● Exercise aim
The response must consist of the lines below from the one with "using assms \<open>n \<ge> 0\<close> by" through the one with "smat_mult (Dmat a b c) (Amat a b c) (2", exactly as they appear and with both ends kept.

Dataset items
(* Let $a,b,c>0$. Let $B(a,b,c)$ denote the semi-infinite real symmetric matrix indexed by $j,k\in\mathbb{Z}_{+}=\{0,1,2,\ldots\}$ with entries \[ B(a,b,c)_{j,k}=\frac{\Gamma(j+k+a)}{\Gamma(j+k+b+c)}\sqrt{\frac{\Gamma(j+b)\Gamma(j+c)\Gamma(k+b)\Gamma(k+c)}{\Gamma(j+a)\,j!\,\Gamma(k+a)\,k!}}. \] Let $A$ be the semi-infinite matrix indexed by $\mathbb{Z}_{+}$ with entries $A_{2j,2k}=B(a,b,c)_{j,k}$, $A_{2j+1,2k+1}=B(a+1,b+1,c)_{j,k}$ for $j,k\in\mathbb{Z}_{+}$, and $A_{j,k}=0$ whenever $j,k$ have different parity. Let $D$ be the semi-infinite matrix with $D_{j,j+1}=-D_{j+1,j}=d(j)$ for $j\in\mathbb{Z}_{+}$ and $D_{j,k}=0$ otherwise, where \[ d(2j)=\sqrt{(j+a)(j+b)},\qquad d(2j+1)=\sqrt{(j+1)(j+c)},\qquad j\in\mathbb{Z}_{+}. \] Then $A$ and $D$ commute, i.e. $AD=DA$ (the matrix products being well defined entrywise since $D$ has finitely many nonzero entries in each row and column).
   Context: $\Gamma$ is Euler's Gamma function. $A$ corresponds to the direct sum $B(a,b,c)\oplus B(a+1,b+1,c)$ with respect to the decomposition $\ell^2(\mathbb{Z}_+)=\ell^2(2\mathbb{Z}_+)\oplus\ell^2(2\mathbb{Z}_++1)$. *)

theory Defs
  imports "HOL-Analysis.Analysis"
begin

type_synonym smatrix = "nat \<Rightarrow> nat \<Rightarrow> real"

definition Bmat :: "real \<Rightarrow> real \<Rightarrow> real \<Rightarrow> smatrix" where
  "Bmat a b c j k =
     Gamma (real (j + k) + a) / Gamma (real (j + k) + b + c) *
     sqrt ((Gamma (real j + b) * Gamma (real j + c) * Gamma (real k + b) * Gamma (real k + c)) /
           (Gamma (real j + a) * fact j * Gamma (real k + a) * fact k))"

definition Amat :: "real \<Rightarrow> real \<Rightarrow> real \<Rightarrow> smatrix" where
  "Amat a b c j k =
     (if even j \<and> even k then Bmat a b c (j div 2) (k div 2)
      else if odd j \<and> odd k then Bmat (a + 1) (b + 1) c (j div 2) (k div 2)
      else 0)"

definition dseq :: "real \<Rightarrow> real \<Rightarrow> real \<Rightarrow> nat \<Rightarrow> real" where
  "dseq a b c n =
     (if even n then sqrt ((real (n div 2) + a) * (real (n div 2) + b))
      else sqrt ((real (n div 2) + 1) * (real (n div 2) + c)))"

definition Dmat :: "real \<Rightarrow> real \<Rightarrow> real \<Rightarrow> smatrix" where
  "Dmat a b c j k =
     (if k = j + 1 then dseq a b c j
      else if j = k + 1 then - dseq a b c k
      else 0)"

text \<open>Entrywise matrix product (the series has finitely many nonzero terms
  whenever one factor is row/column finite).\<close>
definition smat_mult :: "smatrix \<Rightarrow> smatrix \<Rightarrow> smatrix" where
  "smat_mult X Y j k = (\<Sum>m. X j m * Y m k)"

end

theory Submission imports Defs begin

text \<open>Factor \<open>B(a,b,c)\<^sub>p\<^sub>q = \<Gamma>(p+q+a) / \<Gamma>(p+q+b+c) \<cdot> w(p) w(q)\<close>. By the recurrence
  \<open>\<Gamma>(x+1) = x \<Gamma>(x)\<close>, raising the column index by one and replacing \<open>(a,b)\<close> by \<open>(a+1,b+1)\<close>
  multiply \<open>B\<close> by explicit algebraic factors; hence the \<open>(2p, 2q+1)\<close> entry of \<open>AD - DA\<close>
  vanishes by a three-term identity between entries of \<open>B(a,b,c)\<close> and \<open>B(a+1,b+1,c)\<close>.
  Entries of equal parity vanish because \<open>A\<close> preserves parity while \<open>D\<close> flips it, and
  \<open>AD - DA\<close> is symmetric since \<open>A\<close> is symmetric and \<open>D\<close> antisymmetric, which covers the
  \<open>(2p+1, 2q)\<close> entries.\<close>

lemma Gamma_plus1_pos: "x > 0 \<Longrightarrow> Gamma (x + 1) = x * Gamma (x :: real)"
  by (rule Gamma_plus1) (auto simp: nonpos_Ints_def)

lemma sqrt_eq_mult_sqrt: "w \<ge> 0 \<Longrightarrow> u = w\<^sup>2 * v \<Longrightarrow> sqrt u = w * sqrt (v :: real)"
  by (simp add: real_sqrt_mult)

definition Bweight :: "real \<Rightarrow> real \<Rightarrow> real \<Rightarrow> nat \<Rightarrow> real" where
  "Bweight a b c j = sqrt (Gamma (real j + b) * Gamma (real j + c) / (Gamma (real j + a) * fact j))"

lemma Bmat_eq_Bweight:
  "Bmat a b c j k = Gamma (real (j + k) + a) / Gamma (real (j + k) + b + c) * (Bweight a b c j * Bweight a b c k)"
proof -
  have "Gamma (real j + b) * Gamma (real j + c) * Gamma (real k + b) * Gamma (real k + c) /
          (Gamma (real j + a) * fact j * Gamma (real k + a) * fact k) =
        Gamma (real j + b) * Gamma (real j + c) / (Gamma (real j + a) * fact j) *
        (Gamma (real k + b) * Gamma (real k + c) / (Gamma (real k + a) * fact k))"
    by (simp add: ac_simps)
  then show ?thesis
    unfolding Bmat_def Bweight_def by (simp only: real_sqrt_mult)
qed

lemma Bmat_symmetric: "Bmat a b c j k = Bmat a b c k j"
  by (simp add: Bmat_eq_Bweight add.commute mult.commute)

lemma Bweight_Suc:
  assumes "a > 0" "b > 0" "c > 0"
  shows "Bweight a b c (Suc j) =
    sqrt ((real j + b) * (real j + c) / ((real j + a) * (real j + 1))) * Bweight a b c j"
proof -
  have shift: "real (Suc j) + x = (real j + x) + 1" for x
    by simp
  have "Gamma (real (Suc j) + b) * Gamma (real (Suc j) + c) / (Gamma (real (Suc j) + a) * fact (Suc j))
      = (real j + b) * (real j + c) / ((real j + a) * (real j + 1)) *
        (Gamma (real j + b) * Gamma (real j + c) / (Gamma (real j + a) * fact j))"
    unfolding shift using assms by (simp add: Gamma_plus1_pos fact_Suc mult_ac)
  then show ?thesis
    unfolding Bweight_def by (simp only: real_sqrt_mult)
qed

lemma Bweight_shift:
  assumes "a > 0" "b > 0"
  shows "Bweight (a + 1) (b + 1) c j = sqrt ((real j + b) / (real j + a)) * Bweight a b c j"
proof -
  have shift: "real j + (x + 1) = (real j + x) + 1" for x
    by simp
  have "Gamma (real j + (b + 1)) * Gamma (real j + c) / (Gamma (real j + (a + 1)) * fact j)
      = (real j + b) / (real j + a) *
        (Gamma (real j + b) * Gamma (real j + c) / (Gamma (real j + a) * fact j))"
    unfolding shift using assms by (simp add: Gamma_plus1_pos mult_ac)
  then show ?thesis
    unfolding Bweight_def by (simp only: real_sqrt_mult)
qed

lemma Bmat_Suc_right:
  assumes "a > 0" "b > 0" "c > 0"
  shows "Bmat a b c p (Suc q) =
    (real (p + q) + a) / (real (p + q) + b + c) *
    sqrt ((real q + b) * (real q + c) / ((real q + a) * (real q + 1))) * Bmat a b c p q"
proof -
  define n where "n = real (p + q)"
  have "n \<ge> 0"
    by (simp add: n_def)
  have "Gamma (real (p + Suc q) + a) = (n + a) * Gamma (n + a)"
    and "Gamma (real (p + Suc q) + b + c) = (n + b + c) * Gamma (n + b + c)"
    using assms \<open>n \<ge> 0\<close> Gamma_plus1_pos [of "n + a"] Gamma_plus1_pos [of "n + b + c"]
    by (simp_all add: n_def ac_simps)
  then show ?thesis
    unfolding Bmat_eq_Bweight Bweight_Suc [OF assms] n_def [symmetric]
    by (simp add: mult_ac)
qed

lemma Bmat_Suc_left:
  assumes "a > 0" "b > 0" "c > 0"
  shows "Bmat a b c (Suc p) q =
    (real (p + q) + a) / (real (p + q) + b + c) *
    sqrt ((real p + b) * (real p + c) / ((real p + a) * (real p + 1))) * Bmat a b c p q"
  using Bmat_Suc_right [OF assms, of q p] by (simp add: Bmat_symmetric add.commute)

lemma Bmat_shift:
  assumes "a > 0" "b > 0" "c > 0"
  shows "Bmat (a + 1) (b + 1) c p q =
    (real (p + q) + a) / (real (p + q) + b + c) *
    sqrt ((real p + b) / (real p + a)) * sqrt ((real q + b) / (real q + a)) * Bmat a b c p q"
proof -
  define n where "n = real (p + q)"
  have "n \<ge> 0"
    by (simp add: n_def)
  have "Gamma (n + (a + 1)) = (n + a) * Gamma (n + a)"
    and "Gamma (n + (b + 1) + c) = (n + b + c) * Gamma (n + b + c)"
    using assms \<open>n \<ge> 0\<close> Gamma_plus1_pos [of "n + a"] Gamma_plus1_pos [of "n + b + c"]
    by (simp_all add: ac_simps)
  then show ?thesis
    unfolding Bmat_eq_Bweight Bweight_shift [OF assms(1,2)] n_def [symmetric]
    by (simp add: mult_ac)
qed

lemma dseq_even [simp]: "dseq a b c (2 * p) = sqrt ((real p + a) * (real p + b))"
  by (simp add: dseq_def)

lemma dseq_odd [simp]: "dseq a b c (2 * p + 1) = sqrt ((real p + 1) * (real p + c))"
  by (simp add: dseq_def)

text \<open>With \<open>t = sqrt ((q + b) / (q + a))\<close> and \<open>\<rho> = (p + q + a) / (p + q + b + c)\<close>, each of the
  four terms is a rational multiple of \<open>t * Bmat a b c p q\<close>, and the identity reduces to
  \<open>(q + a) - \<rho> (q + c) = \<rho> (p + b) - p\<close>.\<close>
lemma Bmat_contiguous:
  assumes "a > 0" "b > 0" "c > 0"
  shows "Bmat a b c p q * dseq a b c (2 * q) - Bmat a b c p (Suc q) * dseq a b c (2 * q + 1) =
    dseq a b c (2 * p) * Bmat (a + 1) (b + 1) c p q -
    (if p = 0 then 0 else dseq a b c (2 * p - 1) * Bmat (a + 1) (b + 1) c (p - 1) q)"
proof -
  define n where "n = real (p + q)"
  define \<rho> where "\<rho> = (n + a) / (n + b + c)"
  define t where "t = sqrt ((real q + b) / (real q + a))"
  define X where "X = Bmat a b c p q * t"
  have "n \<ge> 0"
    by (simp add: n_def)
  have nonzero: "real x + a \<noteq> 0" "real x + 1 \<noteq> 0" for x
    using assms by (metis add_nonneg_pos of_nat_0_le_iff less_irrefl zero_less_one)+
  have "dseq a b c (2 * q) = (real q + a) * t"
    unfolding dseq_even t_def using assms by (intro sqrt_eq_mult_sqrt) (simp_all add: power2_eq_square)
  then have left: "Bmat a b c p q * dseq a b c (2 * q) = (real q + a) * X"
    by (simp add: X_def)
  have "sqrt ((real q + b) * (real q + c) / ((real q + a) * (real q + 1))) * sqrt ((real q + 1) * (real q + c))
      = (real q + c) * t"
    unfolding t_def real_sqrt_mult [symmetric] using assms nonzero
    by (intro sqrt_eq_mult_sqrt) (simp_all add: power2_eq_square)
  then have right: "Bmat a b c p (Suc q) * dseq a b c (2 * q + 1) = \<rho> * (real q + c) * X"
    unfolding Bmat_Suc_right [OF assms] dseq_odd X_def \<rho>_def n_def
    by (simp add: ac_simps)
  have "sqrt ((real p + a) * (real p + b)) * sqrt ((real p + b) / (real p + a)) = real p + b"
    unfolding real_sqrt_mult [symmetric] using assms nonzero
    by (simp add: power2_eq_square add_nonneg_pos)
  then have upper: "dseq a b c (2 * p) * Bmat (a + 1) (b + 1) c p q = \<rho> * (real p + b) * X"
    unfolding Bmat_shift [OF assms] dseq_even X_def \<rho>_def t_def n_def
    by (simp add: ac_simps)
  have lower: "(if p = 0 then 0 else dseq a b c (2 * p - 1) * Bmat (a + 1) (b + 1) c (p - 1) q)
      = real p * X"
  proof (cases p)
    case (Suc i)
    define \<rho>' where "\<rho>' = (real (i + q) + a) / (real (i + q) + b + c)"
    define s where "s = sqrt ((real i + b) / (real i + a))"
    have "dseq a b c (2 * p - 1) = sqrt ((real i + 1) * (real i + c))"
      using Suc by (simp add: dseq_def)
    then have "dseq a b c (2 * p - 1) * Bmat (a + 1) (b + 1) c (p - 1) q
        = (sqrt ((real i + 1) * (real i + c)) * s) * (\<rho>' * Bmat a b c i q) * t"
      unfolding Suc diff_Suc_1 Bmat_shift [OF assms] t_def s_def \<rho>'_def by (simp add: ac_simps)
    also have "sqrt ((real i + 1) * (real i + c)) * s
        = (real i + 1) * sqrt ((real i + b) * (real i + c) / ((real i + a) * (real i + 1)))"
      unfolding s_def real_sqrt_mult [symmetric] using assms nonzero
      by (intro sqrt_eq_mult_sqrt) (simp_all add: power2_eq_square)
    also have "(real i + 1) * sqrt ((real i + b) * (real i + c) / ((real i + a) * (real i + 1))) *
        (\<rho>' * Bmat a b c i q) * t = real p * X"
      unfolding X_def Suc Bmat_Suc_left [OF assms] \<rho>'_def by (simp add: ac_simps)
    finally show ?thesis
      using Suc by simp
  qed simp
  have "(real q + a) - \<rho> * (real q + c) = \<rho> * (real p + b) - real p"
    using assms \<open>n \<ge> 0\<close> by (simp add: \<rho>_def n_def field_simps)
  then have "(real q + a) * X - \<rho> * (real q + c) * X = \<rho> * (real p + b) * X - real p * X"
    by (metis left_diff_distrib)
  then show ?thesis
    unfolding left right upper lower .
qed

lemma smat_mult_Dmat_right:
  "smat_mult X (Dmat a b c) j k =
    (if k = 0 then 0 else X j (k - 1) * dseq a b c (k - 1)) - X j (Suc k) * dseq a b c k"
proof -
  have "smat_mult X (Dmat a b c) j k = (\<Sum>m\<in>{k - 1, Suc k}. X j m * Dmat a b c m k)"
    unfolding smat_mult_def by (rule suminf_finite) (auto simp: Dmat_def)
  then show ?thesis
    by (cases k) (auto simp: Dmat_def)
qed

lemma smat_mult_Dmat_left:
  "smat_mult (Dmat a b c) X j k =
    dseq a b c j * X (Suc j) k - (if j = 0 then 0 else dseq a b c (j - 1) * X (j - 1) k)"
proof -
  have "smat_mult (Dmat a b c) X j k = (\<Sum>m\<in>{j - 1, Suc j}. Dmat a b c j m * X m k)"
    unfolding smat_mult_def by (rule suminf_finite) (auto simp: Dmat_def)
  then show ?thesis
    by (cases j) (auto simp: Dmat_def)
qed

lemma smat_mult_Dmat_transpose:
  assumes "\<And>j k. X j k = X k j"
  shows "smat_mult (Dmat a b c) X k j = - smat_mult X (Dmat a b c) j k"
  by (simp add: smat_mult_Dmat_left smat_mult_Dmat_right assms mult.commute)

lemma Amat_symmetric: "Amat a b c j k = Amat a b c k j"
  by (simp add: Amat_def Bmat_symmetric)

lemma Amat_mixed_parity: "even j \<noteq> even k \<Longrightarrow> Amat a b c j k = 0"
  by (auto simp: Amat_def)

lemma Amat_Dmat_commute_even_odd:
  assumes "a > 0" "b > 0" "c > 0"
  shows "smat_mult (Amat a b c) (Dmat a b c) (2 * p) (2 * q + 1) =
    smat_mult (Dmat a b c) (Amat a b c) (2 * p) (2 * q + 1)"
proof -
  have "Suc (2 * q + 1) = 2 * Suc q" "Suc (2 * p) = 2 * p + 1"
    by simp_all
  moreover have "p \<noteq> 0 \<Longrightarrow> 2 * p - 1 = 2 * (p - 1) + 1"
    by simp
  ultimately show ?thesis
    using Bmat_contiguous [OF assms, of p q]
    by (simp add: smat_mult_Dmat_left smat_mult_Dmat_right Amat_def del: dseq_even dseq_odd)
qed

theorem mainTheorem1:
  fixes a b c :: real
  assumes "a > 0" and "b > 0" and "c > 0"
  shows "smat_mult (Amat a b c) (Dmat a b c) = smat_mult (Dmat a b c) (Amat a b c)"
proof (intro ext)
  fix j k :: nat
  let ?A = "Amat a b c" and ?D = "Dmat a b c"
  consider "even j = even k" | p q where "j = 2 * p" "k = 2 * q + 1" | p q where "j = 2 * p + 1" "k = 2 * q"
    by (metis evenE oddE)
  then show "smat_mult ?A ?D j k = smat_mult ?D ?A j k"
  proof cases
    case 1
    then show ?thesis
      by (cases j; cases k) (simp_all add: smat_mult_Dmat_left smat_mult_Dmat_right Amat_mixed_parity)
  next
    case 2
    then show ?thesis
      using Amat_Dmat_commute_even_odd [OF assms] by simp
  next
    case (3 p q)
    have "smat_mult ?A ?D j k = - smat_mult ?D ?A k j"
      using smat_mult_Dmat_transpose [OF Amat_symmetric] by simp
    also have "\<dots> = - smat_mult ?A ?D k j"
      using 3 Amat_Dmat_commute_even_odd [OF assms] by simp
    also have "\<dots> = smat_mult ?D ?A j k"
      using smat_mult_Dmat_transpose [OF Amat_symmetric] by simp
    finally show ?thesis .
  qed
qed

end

● Task result
    using assms \<open>n \<ge> 0\<close> by (simp add: \<rho>_def n_def field_simps)
  then have "(real q + a) * X - \<rho> * (real q + c) * X = \<rho> * (real p + b) * X - real p * X"
    by (metis left_diff_distrib)
  then show ?thesis
    unfolding left right upper lower .
qed

lemma smat_mult_Dmat_right:
  "smat_mult X (Dmat a b c) j k =
    (if k = 0 then 0 else X j (k - 1) * dseq a b c (k - 1)) - X j (Suc k) * dseq a b c k"
proof -
  have "smat_mult X (Dmat a b c) j k = (\<Sum>m\<in>{k - 1, Suc k}. X j m * Dmat a b c m k)"
    unfolding smat_mult_def by (rule suminf_finite) (auto simp: Dmat_def)
  then show ?thesis
    by (cases k) (auto simp: Dmat_def)
qed

lemma smat_mult_Dmat_left:
  "smat_mult (Dmat a b c) X j k =
    dseq a b c j * X (Suc j) k - (if j = 0 then 0 else dseq a b c (j - 1) * X (j - 1) k)"
proof -
  have "smat_mult (Dmat a b c) X j k = (\<Sum>m\<in>{j - 1, Suc j}. Dmat a b c j m * X m k)"
    unfolding smat_mult_def by (rule suminf_finite) (auto simp: Dmat_def)
  then show ?thesis
    by (cases j) (auto simp: Dmat_def)
qed

lemma smat_mult_Dmat_transpose:
  assumes "\<And>j k. X j k = X k j"
  shows "smat_mult (Dmat a b c) X k j = - smat_mult X (Dmat a b c) j k"
  by (simp add: smat_mult_Dmat_left smat_mult_Dmat_right assms mult.commute)

lemma Amat_symmetric: "Amat a b c j k = Amat a b c k j"
  by (simp add: Amat_def Bmat_symmetric)

lemma Amat_mixed_parity: "even j \<noteq> even k \<Longrightarrow> Amat a b c j k = 0"
  by (auto simp: Amat_def)

lemma Amat_Dmat_commute_even_odd:
  assumes "a > 0" "b > 0" "c > 0"
  shows "smat_mult (Amat a b c) (Dmat a b c) (2 * p) (2 * q + 1) =
    smat_mult (Dmat a b c) (Amat a b c) (2 * p) (2 * q + 1)"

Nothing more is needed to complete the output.